Затаив дыхание, Лешка глядел из-под одеяла на Егора. Тот, разворошив койку, выругался, отошел.
18
Выпотрошив наловленную рыбу, обложив ее крапивой, Дубинин выставил в сенцы, на холодок ведро, не снимая пиджака, сел в конторе и под хриплые звонки вечно бодрствующего телефона задумался.
Вспомнил, как Бушуев, только что вытащенный из порогов, лежал на койке с зеленым, обросшим щетиной лицом — острые коленки проступают сквозь одеяло, тонкие руки устало вытянуты вдоль тела, надпись на груди…
Счастья нет у тебя, сукин сын! Руку тебе протянули: давай выкарабкивайся, прислоняйся к нам. Пусть у нас у самих немудрящее счастье, но какое есть. С большим-то ты, поди, и не справишься.
Рвешь у других. Надеешься, что так легче прожить? Ой, нет. Не с землей, не с водой, не со зверем приходится воевать, а с человеком.
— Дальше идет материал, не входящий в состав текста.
(* Let $\mathcal{Q}$ be an arbitrary (possibly infinite) set of generalized quantifiers of width $1$, let $d \in \mathbb{N}$, and let $(\mathfrak{M},w)$ and $(\mathfrak{N},v)$ be pointed Kripke models over the same finite set $\Phi$ of proposition symbols. Then the following are equivalent: (1) $\mathfrak{M},w \sim^d_{\mathcal{Q}} \mathfrak{N},v$, i.e. Player 2 has a winning strategy in the $d$-round $\mathcal{Q}$-bisimulation game played on $(\mathfrak{M},w)$ and $(\mathfrak{N},v)$; (2) $\mathfrak{M},w \equiv^d_{\mathrm{PL}(\mathcal{Q})} \mathfrak{N},v$; (3) $\mathfrak{N},v \Vdash \varphi^{\mathcal{Q},d}_{\mathfrak{M}\sqcup\mathfrak{N},w}$.
   Context: Kripke models: fix a finite set $\Phi$ of proposition symbols. A Kripke model is $\mathfrak{M}=(V,E,\ell)$ with $V$ a finite non-empty set, $E\subseteq V\times V$ (loops and non-symmetric edges allowed), and $\ell:V\to\mathcal{P}(\Phi)$. For $u\in V$, $N(u)=\{u'\in V\mid (u,u')\in E\}$. A pointed Kripke model is a pair $(\mathfrak{M},w)$ with $w\in V$. $\mathfrak{M}\sqcup\mathfrak{N}$ denotes the disjoint union of Kripke models. Generalized quantifiers: a generalized quantifier (of width 1) is a class $Q$ of pairs $(D,P)$ with $D$ a set and $P\subseteq D$, closed under isomorphism. It gives a modality $\langle Q\rangle$ with semantics $\mathfrak{M},u\Vdash\langle Q\rangle\varphi$ iff $(N(u),\{u'\in N(u)\mid \mathfrak{M},u'\Vdash\varphi\})\in Q$. $\mathrm{PL}(\mathcal{Q})$ is the set of formulas generated by $\varphi::=\bot\mid p\mid\neg\varphi\mid\varphi\wedge\varphi\mid\varphi\vee\varphi\mid\langle Q\rangle\varphi$ ($p\in\Phi$, $Q\in\mathcal{Q}$), with the usual Boolean semantics and $\mathfrak{M},u\Vdash p$ iff $p\in\ell(u)$. Modal depth: $\mathrm{md}(\bot)=\mathrm{md}(p)=0$, $\mathrm{md}(\neg\varphi)=\mathrm{md}(\varphi)$, $\mathrm{md}$ of $\wedge,\vee$ is the max, $\mathrm{md}(\langle Q\rangle\varphi)=1+\mathrm{md}(\varphi)$. $\mathrm{PL}(\mathcal{Q})^d$ is the set of formulas of depth $\le d$, and $\mathfrak{M},w\equiv^d_{\mathrm{PL}(\mathcal{Q})}\mathfrak{N},v$ means every formula of $\mathrm{PL}(\mathcal{Q})^d$ is true at $(\mathfrak{M},w)$ iff it is true at $(\mathfrak{N},v)$. Types: for a Kripke model $\mathfrak{K}$ and $u\in\mathfrak{K}$, let $\varphi^{\mathcal{Q},0}_{\mathfrak{K},u}=\bigwedge\{p\mid \mathfrak{K},u\Vdash p\}\wedge\bigwedge\{\neg p\mid \mathfrak{K},u\Vdash\neg p\}$, and $\varphi^{\mathcal{Q},d+1}_{\mathfrak{K},u}=\varphi^{\mathcal{Q},0}_{\mathfrak{K},u}\wedge\bigwedge\{\langle Q\rangle\bigvee C\}\wedge\bigwedge\{\neg\langle Q\rangle\bigvee C\}$, where the first big conjunction ranges over all $Q\in\mathcal{Q}$ and $C\subseteq\{\varphi^{\mathcal{Q},d}_{\mathfrak{K},u'}\mid u'\in\mathfrak{K}\}$ with $\mathfrak{K},u\Vdash\langle Q\rangle\bigvee_{\psi\in C}\psi$, and the second over all such $Q,C$ with $\mathfrak{K},u\Vdash\neg\langle Q\rangle\bigvee_{\psi\in C}\psi$. If $\mathcal{Q}$ is infinite these conjunctions may be infinitary; an infinitary conjunction is satisfied iff every conjunct is. $\mathcal{Q}$-bisimulation game on $(\mathfrak{M},w)$, $(\mathfrak{N},v)$: two pebbles start on $w$ and $v$; Player 1 starts as attacker, Player 2 as defender (roles may swap during play). At the start of a round the pebbles lie on nodes $a,b$ of $\mathfrak{M}\sqcup\mathfrak{N}$. (i) The attacker selects one pebble, say on $a$, a $Q\in\mathcal{Q}$, and $X\subseteq N(a)$ with $(N(a),X)\in Q$; then he chooses $P\subseteq N(b)$. The defender may contest $P$ by placing one pebble on a node of $P$ and the other on a node of $N(a)$, after which a new round starts. (ii) Otherwise the defender chooses $X'\subseteq N(b)$ with $(N(b),X')\in Q$ and $P\subseteq X'$. (iii) The attacker then either moves one pebble onto a node of $N(b)\setminus X'$ and the other onto a node of $X$ and the two players swap roles, or moves one pebble onto a node of $X'$, after which the defender moves the other onto a node of $X\cup P$; a new round starts. (iv) Whenever $X$ (resp. $X'$) is chosen, the other player may instead contest it by moving one pebble onto a node of that set and the other onto a node of $N(a)\setminus X$ (resp. $N(b)\setminus X'$), then taking the role of defender (the players swap roles); a new round starts. The current attacker wins if at the start of a round the two pebbled nodes do not satisfy the same proposition symbols; a player who must choose a subset but cannot loses; infinite plays are won by Player 2. In the $d$-round game, Player 2 wins if Player 1 has not won after $d$ rounds. $\mathfrak{M},w\sim^d_{\mathcal{Q}}\mathfrak{N},v$ means Player 2 has a winning strategy in the $d$-round game.
   Formalization: In the d-round $\mathcal{Q}$-bisimulation game, when d rounds pass without the current attacker winning, the current defender wins, in place of Player 2 winning whenever Player 1 has not won. The statement above fails without it. *)

theory Defs
  imports Main
begin
lemma inj_on_up_join:
  assumes "\<And>a. a \<in> X \<Longrightarrow> height a = 0" "\<And>b. b \<in> Y \<Longrightarrow> partial_dyck b"
  shows "inj_on (\<lambda>(a, b). a @ True # b) (X \<times> Y)"
proof (rule inj_onI)
  fix p q assume "p \<in> X \<times> Y" "q \<in> X \<times> Y" and eq: "(\<lambda>(a, b). a @ True # b) p = (\<lambda>(a, b). a @ True # b) q"
  then obtain a b a' b' where "p = (a, b)" "q = (a', b')" "a \<in> X" "b \<in> Y" "a' \<in> X" "b' \<in> Y"
    by auto
  with eq show "p = q" using last_return_decomposition_unique[of a b a' b'] assms by simp
qed

lemma card_up_join_length:
  assumes "\<And>a. a \<in> X \<Longrightarrow> height a = 0" "\<And>b. b \<in> Y \<Longrightarrow> partial_dyck b"
  shows "card {xs \<in> up_join X Y. length xs = Suc m}
           = (\<Sum>i\<le>m. card {a\<in>X. length a = i} * card {b\<in>Y. length b = m - i})"
proof -
  let ?P = "\<lambda>i. {a\<in>X. length a = i} \<times> {b\<in>Y. length b = m - i}"
  have "{xs \<in> up_join X Y. length xs = Suc m} = (\<lambda>(a, b). a @ True # b) ` (\<Union>i\<le>m. ?P i)"
  proof (intro equalityI subsetI)
    fix xs assume "xs \<in> {xs \<in> up_join X Y. length xs = Suc m}"
    then obtain a b where "xs = a @ True # b" "a \<in> X" "b \<in> Y" "length a + length b = m"
      unfolding up_join_def by auto
    then show "xs \<in> (\<lambda>(a, b). a @ True # b) ` (\<Union>i\<le>m. ?P i)"
      by (intro image_eqI[of _ _ "(a, b)"]) auto
  qed (auto simp: up_join_def)
  moreover have "inj_on (\<lambda>(a, b). a @ True # b) (\<Union>i\<le>m. ?P i)"
    by (rule inj_on_subset[OF inj_on_up_join[OF assms]]) auto
  ultimately have "card {xs \<in> up_join X Y. length xs = Suc m} = card (\<Union>i\<le>m. ?P i)"
    by (simp add: card_image)
  also have "\<dots> = (\<Sum>i\<le>m. card (?P i))"
    by (rule card_UN_disjoint) (auto simp: finite_length_eq)
  finally show ?thesis by (simp add: card_cartesian_product)
qed

lemma gf_up_join:
  assumes "\<And>a. a \<in> X \<Longrightarrow> height a = 0" "\<And>b. b \<in> Y \<Longrightarrow> partial_dyck b"
  shows "gf (up_join X Y) = fls_X * gf X * gf Y"
proof -
  have "length_counts (up_join X Y) $ n = (fps_X * (length_counts X * length_counts Y)) $ n" for n
  proof (cases n)
    case 0
    moreover have "{xs \<in> up_join X Y. length xs = 0} = {}" unfolding up_join_def by auto
    ultimately show ?thesis by (simp add: length_counts_def)
  next
    case (Suc m)
    then have "(fps_X * (length_counts X * length_counts Y)) $ n = (length_counts X * length_counts Y) $ m"
      by simp
    with Suc show ?thesis
      by (simp add: length_counts_def fps_mult_nth atLeast0AtMost card_up_join_length[OF assms])
  qed
  then have "length_counts (up_join X Y) = fps_X * (length_counts X * length_counts Y)"
    by (rule fps_ext)
  then show ?thesis by (simp add: gf_eq_length_counts fls_times_fps_to_fls mult.assoc)
qed

lemma gf_paths_at_power:
  assumes "\<And>A B. P (A @ True # B) \<longleftrightarrow> (\<forall>d\<in>set (descents A). odd d) \<and> P B"
  shows "gf (paths_at P j) = (fls_X * gf excursions) ^ j * gf (paths_at P 0)"
proof (induction j)
  case (Suc j)
  have "gf (paths_at P (Suc j)) = fls_X * gf excursions * gf (paths_at P j)"
    unfolding paths_at_Suc[OF assms] by (rule gf_up_join) (simp_all add: excursions_def paths_at_def)
  with Suc show ?case by (simp add: algebra_simps)
qed simp

lemma gf_F_paths: "gf (F_paths j) = (fls_X * gf excursions) ^ j"
proof -
  have "gf (F_paths j) = (fls_X * gf excursions) ^ j * gf (F_paths 0)"
    unfolding F_paths_eq by (rule gf_paths_at_power) (auto simp: descents_append_up)
  then show ?thesis by (simp add: F_paths_0 gf_Nil)
qed

lemma gf_G_paths: "gf (G_paths j) = gf (F_paths 1) ^ j * gf (G_paths 0)"
  unfolding G_paths_eq gf_F_paths power_one_right
  by (rule gf_paths_at_power) (rule ends_with_descent_append_up)

lemma gf_H_paths: "gf (H_paths j) = gf (F_paths 1) ^ j * gf (H_paths 0)"
  unfolding H_paths_eq gf_F_paths power_one_right
  by (rule gf_paths_at_power) (rule ends_with_descent_append_up)

lemma gf_excursions: "gf excursions = 1 + gf (G_paths 0)"
proof -
  have "[] \<notin> G_paths 0" by (simp add: G_paths_def)
  then show ?thesis unfolding excursions_eq using gf_Un_disjoint[of "{[]}" "G_paths 0"] by (simp add: gf_Nil)
qed
(* For the Byzantine-tolerant algorithm described in the context: let $\gamma$ be a degree-stabilized configuration and let $\gamma\xrightarrow{t}\gamma'$ be a transition in which the rule Candidacy? is executed on a node $u\in V_1$ (the set $t$ being arbitrary otherwise). Then, whatever the other moves in $t$ and the behaviour of Byzantine nodes, the probability that $s_u^{\gamma'}=\top$ and $s_v^{\gamma'}=\bot$ for all $v\in N(u)$ is at least $\frac{1}{e(\Delta+1)}$.
   Context: Network and model. $G=(V,E)$ is a finite simple undirected graph; $N(u)$ is the open neighbourhood of $u$, $N[u]=N(u)\cup\{u\}$, $\deg(u)=|N(u)|$, $\Delta=\max_{u\in V}\deg(u)$. Each node holds local variables; a configuration is an assignment of values to all local variables. A rule "guard $\to$ command" is enabled on $u$ in $\gamma$ if its guard (a predicate on the variables of $u$ and its neighbours) holds; its command rewrites only $u$'s variables, possibly randomly. A transition $\gamma\xrightarrow{t}\gamma'$ is given by a nonempty set $t$ of moves $(u,r)$ with $r$ enabled on $u$ in $\gamma$, at most one per node, all executed simultaneously from the values in $\gamma$, with independent random choices. Byzantine nodes. A subset $B\subseteq V$ consists of Byzantine nodes, which when activated may set their local variables to arbitrary values. $d(u,B)$ is the graph distance from $u$ to $B$ and $V_i=\{u\in V: d(u,B)>i\}$. Algorithm. Each node $u$ has variables $s_u\in\{\bot,\top\}$ and $x_u\in\mathbb{N}$; $Rand(q)$ returns $1$ with probability $q$, else $0$, independently for each call. Non-Byzantine nodes follow the rules: (Refresh) $x_u\neq \deg(u)\ \to\ x_u:=\deg(u)$. (Candidacy?) $x_u=\deg(u)\wedge s_u=\bot\wedge \forall v\in N(u),\ s_v=\bot\ \to$ if $Rand\big(\frac{1}{1+\max\{x_v: v\in N[u]\}}\big)=1$ then $s_u:=\top$. (Withdrawal) $x_u=\deg(u)\wedge s_u=\top\wedge \exists v\in N(u),\ s_v=\top\ \to\ s_u:=\bot$. $\gamma$ is degree-stabilized if $x_u^\gamma=\deg(u)$ for every non-Byzantine node $u$. *)

theory Defs
  imports "HOL-Probability.Probability"
begin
Человек упрям, никогда не отдает свое счастье легко и просто. И потому ты, Николай Бушуев, не богат и не славен, потому жизнь тебя так гнула, что пришлось признаться: «Года идут, а счастья нет».
Но ведь есть же Бушуевы и удачники. Сколько их ходит по свету! Просторна земля, а таким вот тесно на ней, стараются оттолкнуть соседа, верхом на него сесть. Тесно?.. Даже смешно думать об этом. Здесь, на участке, живут тридцать два человека, оттого и скудно — кино даже нет. А если б триста тысяч жили — пороги бы прикрыли, пароходы бы пустили, театров бы понастроили, музыка бы по вечерам играла… Просторна земля и обильна — могло бы хватить счастья всем.
Доносился шум воды, надрывался телефон на стене. Дубинин встал.
При первой встрече он сказал Бушуеву, что со сплавучастка скрыться трудно. А так ли трудно? Можно бежать не пешком и нe на весельной лодке — на моторке. Она всегда стоит под берегом, моторист Тихон никогда не снимает с нее мотора. Если вечером сесть, то за ночь вниз по течению все участки останутся за спиной. А впереди перевалочная база, там сотни рабочих, среди которых легко затеряться, там железнодорожная ветка, там шоссе… Будет потом посмеиваться, что обвел простаков вокруг пальца.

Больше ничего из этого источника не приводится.